▸ EXERCISE DATA
theorem lemma17:
  fixes p :: "complex poly" and \<phi> :: "real \<Rightarrow> real"
  assumes "lead_coeff p \<in> \<real>" and "Re (lead_coeff p) > 0"
    and "\<forall>w::real. poly p (\<i> * complex_of_real w) \<noteq> 0"
    and "continuous_on UNIV \<phi>"
    and "\<forall>w. cis (\<phi> w) = imag_axis_curve p w / complex_of_real (cmod (imag_axis_curve p w))"
  shows "(\<exists>L. (\<phi> \<longlongrightarrow> L) at_top) \<and> (\<exists>L. (\<phi> \<longlongrightarrow> L) at_bot)
    \<and> finite (odd_crossings p)
    \<and> (\<forall>w\<in>odd_crossings p. \<exists>s. ((\<lambda>x. sgn (deriv \<phi> x)) \<longlongrightarrow> s) (at w))
    \<and> Delta \<phi> = pi * (\<Sum>w\<in>odd_crossings p. Lim (at w) (\<lambda>x. sgn (deriv \<phi> x)))"
proof -
  interpret imag_axis_arg_branch p \<phi>
    using assms by unfold_locales
  obtain a b where ab: "a < b" "poly F a \<noteq> 0" "poly F b \<noteq> 0" "X \<subseteq> {a<..<b}"
    by (rule crossings_in_interval) iprover
  have top: "(\<phi> \<longlongrightarrow> pi * of_int (strip_index b)) at_top"
    using ab by (intro tendsto_phi_beyond_crossings[of "{b..}"])
      (auto simp: at_top_le_at_infinity eventually_ge_at_top)
  have bot: "(\<phi> \<longlongrightarrow> pi * of_int (strip_index a)) at_bot"
    using ab by (intro tendsto_phi_beyond_crossings[of "{..a}"])
      (auto simp: at_bot_le_at_infinity eventually_le_at_bot)
  have "Delta \<phi> = pi * (of_int (strip_index b) - of_int (strip_index a))"
    unfolding Delta_def using tendsto_Lim[OF _ top] tendsto_Lim[OF _ bot]
    by (simp add: right_diff_distrib)
  also have "\<dots> = pi * (\<Sum>w\<in>X. crossing_sign w)"
    using strip_index_difference[OF ab(1-3)] ab(4) by (simp add: Int_absorb2)
  finally show ?thesis
    using top bot finite_crossings tendsto_sgn_deriv_phi_crossing by blast
qed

▸ EXERCISE DETAILS
The line that contains "pi * (\<Sum>w\<in>X.", the final line of the listing, and every line between them are to be retyped exactly; nothing else.

▸ WRITTEN ANSWER
  also have "\<dots> = pi * (\<Sum>w\<in>X. crossing_sign w)"
    using strip_index_difference[OF ab(1-3)] ab(4) by (simp add: Int_absorb2)
  finally show ?thesis
    using top bot finite_crossings tendsto_sgn_deriv_phi_crossing by blast
qed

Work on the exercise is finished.